The Washington, D.C., bureau will contribute four hours of programming a day, including “Q&A with Riz Khan,” special reports, and news at the top of the hour. Aljazeera International, which is currently building its headquarters in the heart of downtown Washington, D.C., and will share a newsroom with its Arab-language component, has not yet announced whether it will air on cable or be a pay-per-view satellite channel.

Even the Pentagon is giving Aljazeera International a chance: they have approved its request to attend press briefings. “We’re withholding judgment to see the channel first,” says Defense Department spokesman Vician.
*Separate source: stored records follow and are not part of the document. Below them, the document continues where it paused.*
(* Let $\mathbb{F}$ be a field and let $q\in\mathbb{F}$ be a root of unity with $q\neq 1$; let $p\geq 2$ be the least positive integer with $q^p=1$. Let $\mathcal{H}$ be the unital associative $\mathbb{F}$-algebra generated by $A,B$ subject to $AB-qBA=I$, with $[f,g]=fg-gf$ and $\Lambda:=AB-BA$. Call an element of $\mathcal{H}$ a "special basis element" if it is of the form $B^m\Lambda^n$ or $\Lambda^nA^m$ with $m,n$ positive integers both congruent to $0$ modulo $p$. Then for every $m,k\in\mathbb{N}$ and every $n,l\in\mathbb{Z}^+$, each of the commutators $$[\Lambda^m,\Lambda^kA^l],\quad [\Lambda^m,B^l\Lambda^k],\quad [\Lambda^mA^n,\Lambda^kA^l],\quad [\Lambda^mA^n,B^l\Lambda^k]\ \ (n\neq l),\quad [B^n\Lambda^m,B^l\Lambda^k],$$ when expanded as a linear combination of the basis $\{\Lambda^k,\ \Lambda^kA^l,\ B^l\Lambda^k : k\in\mathbb{N},\ l\in\mathbb{Z}^+\}$ of $\mathcal{H}$, has coefficient zero at every special basis element.
   Context: $\mathbb{N}$ denotes the nonnegative integers, $\mathbb{Z}^+$ the positive integers, $f^0=I$. The elements $\Lambda^k$, $\Lambda^kA^l$, $B^l\Lambda^k$ ($k\in\mathbb{N}$, $l\in\mathbb{Z}^+$) form a basis of $\mathcal{H}$. *)

theory Defs
  imports Main "HOL-Library.Function_Algebras"
begin

(* The free unital associative algebra F<A,B>: an element is a function from words
   (lists over bool; False = A, True = B) to coefficients.  Only finitely supported
   elements are ever built below.  Additive structure is the pointwise one of
   Function_Algebras; the (noncommutative) product is the convolution on words. *)

type_synonym 'k fa = "bool list \<Rightarrow> 'k"

definition fa_mult :: "'k::comm_ring_1 fa \<Rightarrow> 'k fa \<Rightarrow> 'k fa" (infixl "\<odot>" 70) where
  "f \<odot> g = (\<lambda>w. \<Sum>i\<le>length w. f (take i w) * g (drop i w))"

definition fa_mon :: "'k::comm_ring_1 \<Rightarrow> bool list \<Rightarrow> 'k fa" where
  "fa_mon c u = (\<lambda>w. if w = u then c else 0)"

definition fa_smult :: "'k::comm_ring_1 \<Rightarrow> 'k fa \<Rightarrow> 'k fa" where
  "fa_smult c f = (\<lambda>w. c * f w)"

definition fa_I :: "'k::comm_ring_1 fa" where "fa_I = fa_mon 1 []"
definition fa_A :: "'k::comm_ring_1 fa" where "fa_A = fa_mon 1 [False]"
definition fa_B :: "'k::comm_ring_1 fa" where "fa_B = fa_mon 1 [True]"

fun fa_pow :: "'k::comm_ring_1 fa \<Rightarrow> nat \<Rightarrow> 'k fa" where
  "fa_pow f 0 = fa_I"
| "fa_pow f (Suc n) = f \<odot> fa_pow f n"

definition fa_rel :: "'k::field \<Rightarrow> 'k fa" where
  "fa_rel q = fa_A \<odot> fa_B - fa_smult q (fa_B \<odot> fa_A) - fa_I"

inductive_set heis_ideal :: "'k::field \<Rightarrow> 'k fa set" for q :: "'k" where
  zero: "(\<lambda>_. 0) \<in> heis_ideal q"
| gen: "fa_smult c (fa_mon 1 u \<odot> fa_rel q \<odot> fa_mon 1 v) \<in> heis_ideal q"
| add: "x \<in> heis_ideal q \<Longrightarrow> y \<in> heis_ideal q \<Longrightarrow> x + y \<in> heis_ideal q"
lemma scalar_prod_mult_block_mat:
  assumes Bs: "block_dims rs cs Bs"
    and y: "y \<in> carrier_vec (sum_list rs)" and x: "x \<in> carrier_vec (sum_list cs)"
  shows "y \<bullet> (block_mat rs cs Bs *\<^sub>v x)
    = (\<Sum>a < length rs. \<Sum>b < length cs. vec_block rs y a \<bullet> (Bs ! a ! b *\<^sub>v vec_block cs x b))"
proof -
  have "y \<bullet> (block_mat rs cs Bs *\<^sub>v x)
      = (\<Sum>a < length rs. vec_block rs y a \<bullet> vec_block rs (block_mat rs cs Bs *\<^sub>v x) a)"
    using y by (intro scalar_prod_blockwise carrier_vecI) simp_all
  also have "\<dots> = (\<Sum>a < length rs. \<Sum>b < length cs. vec_block rs y a \<bullet> (Bs ! a ! b *\<^sub>v vec_block cs x b))"
  proof (intro sum.cong refl)
    fix a assume a: "a \<in> {..<length rs}"
    have "vec_block rs y a \<bullet> vec_block rs (block_mat rs cs Bs *\<^sub>v x) a
        = (\<Sum>i < rs ! a. \<Sum>b < length cs. vec_block rs y a $ i * (Bs ! a ! b *\<^sub>v vec_block cs x b) $ i)"
      using vec_block_mult_block_mat[OF Bs x] a
      by (simp add: scalar_prod_def atLeast0LessThan sum_distrib_left)
    also have "\<dots> = (\<Sum>b < length cs. vec_block rs y a \<bullet> (Bs ! a ! b *\<^sub>v vec_block cs x b))"
    proof (subst sum.swap, intro sum.cong refl)
      fix b assume "b \<in> {..<length cs}"
      then have "Bs ! a ! b \<in> carrier_mat (rs ! a) (cs ! b)" using block_dims_nth[OF Bs] a by simp
      then show "(\<Sum>i < rs ! a. vec_block rs y a $ i * (Bs ! a ! b *\<^sub>v vec_block cs x b) $ i)
          = vec_block rs y a \<bullet> (Bs ! a ! b *\<^sub>v vec_block cs x b)"
        by (simp add: scalar_prod_def atLeast0LessThan)
    qed
    finally show "vec_block rs y a \<bullet> vec_block rs (block_mat rs cs Bs *\<^sub>v x) a
        = (\<Sum>b < length cs. vec_block rs y a \<bullet> (Bs ! a ! b *\<^sub>v vec_block cs x b))" .
  qed
  finally show ?thesis .
qed

lemma smult_mat_mult_vec:
  "A \<in> carrier_mat nr nc \<Longrightarrow> v \<in> carrier_vec nc \<Longrightarrow> (k \<cdot>\<^sub>m A) *\<^sub>v v = k \<cdot>\<^sub>v (A *\<^sub>v (v :: real vec))"
  by (intro eq_vecI) auto

lemma mult_mat_vec_uminus:
  "A \<in> carrier_mat nr nc \<Longrightarrow> v \<in> carrier_vec nc \<Longrightarrow> A *\<^sub>v (- v) = - (A *\<^sub>v (v :: real vec))"
  by (intro eq_vecI) auto

lemma transpose_smult_mat: "(k \<cdot>\<^sub>m (A :: real mat))\<^sup>T = k \<cdot>\<^sub>m A\<^sup>T"
  by (intro eq_matI) auto

lemma scalar_prod_self_nonneg: "0 \<le> (x :: real vec) \<bullet> x"
  unfolding scalar_prod_def by (intro sum_nonneg) auto

(* Side condition on dim_vec rather than carrier_vec, so that simp discharges it for vec_block. *)
lemma zero_mat_mult_vec [simp]: "dim_vec v = c \<Longrightarrow> 0\<^sub>m r c *\<^sub>v v = (0\<^sub>v r :: real vec)"
  by (intro eq_vecI) auto

lemma quadratic_form_minus:
  assumes "M \<in> carrier_mat n n" "N \<in> carrier_mat n n" "x \<in> carrier_vec n"
  shows "x \<bullet> ((M - N) *\<^sub>v x) = x \<bullet> (M *\<^sub>v x) - x \<bullet> (N *\<^sub>v (x :: real vec))"
  using assms by (simp add: minus_mult_distrib_mat_vec scalar_prod_minus_distrib[of x n])

lemma quadratic_form_smult:
  assumes "M \<in> carrier_mat n n" "x \<in> carrier_vec n"
  shows "x \<bullet> ((k \<cdot>\<^sub>m M) *\<^sub>v x) = k * (x \<bullet> (M *\<^sub>v (x :: real vec)))"
  using assms by (simp add: smult_mat_mult_vec)

lemma quadratic_form_congruence:
  assumes F: "F \<in> carrier_mat r c" and D: "D \<in> carrier_mat c c" and v: "v \<in> carrier_vec r"
  shows "v \<bullet> ((F * D * F\<^sup>T) *\<^sub>v v) = (F\<^sup>T *\<^sub>v v) \<bullet> (D *\<^sub>v (F\<^sup>T *\<^sub>v (v :: real vec)))"
proof -
  have Ft: "F\<^sup>T \<in> carrier_mat c r" using F by simp
  have "(F * D * F\<^sup>T) *\<^sub>v v = (F * D) *\<^sub>v (F\<^sup>T *\<^sub>v v)"
    using F D v by (intro assoc_mult_mat_vec[OF _ Ft]) auto
  also have "\<dots> = F *\<^sub>v (D *\<^sub>v (F\<^sup>T *\<^sub>v v))"
    using F D Ft v by (intro assoc_mult_mat_vec) auto
  finally show ?thesis
    using F D v transpose_vec_mult_scalar[OF F, of "D *\<^sub>v (F\<^sup>T *\<^sub>v v)" v] by simp
qed

lemma quadratic_form_gram:
  assumes "W \<in> carrier_mat n L" "x \<in> carrier_vec n"
  shows "x \<bullet> ((W * W\<^sup>T) *\<^sub>v x) = (W\<^sup>T *\<^sub>v x) \<bullet> (W\<^sup>T *\<^sub>v (x :: real vec))"
  using assms transpose_vec_mult_scalar[of W n L "W\<^sup>T *\<^sub>v x" x]
  by (simp add: assoc_mult_mat_vec[of W n L])

lemma congruence_symmetric:
  assumes "A \<in> carrier_mat r c" "P \<in> carrier_mat c c" "P\<^sup>T = P"
  shows "(A * P * A\<^sup>T)\<^sup>T = A * P * (A\<^sup>T :: real mat)"
proof -
  have AP: "A * P \<in> carrier_mat r c" and At: "A\<^sup>T \<in> carrier_mat c r" using assms by auto
  have "(A * P * A\<^sup>T)\<^sup>T = A * (P\<^sup>T * A\<^sup>T)"
    using transpose_mult[OF AP At] transpose_mult[OF assms(1,2)] by simp
  also have "\<dots> = A * P * A\<^sup>T"
    using assms At by (simp add: assoc_mult_mat[of A r c P c])
  finally show ?thesis .
qed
At the University of Missouri’s journalism school, Roger Gafke, professor of electronic journalism, has traveled to Doha, Qatar, to run four workshops training Aljazeera journalists in accuracy. He says the perception of Aljazeera as “bin Laden’s network” is misplaced. For example, when editors received the bin Laden tapes, they only ran the newsworthy parts of them, and brought on experts to give context
and commentary. 

“We look at the news from one kind of focus. If you are on the other side of that focus, it’s called bias, but it’s just a different perspective. Neither is wrong,” he says.

Working with Aljazeera is important not only for Americans to have a better understanding of the Middle East, but for Arabs to have a better understanding of America. The network is a chance to do that. 

“It’s hard to find anyone in that part of the world that advocates for the U.S. We’re just not well liked,” Gafke says. “Yet the Arab-speaking part of the world is hugely important to us, and we ought to have stronger communication bridges. If I can do one piece of that, then it’s worthwhile.”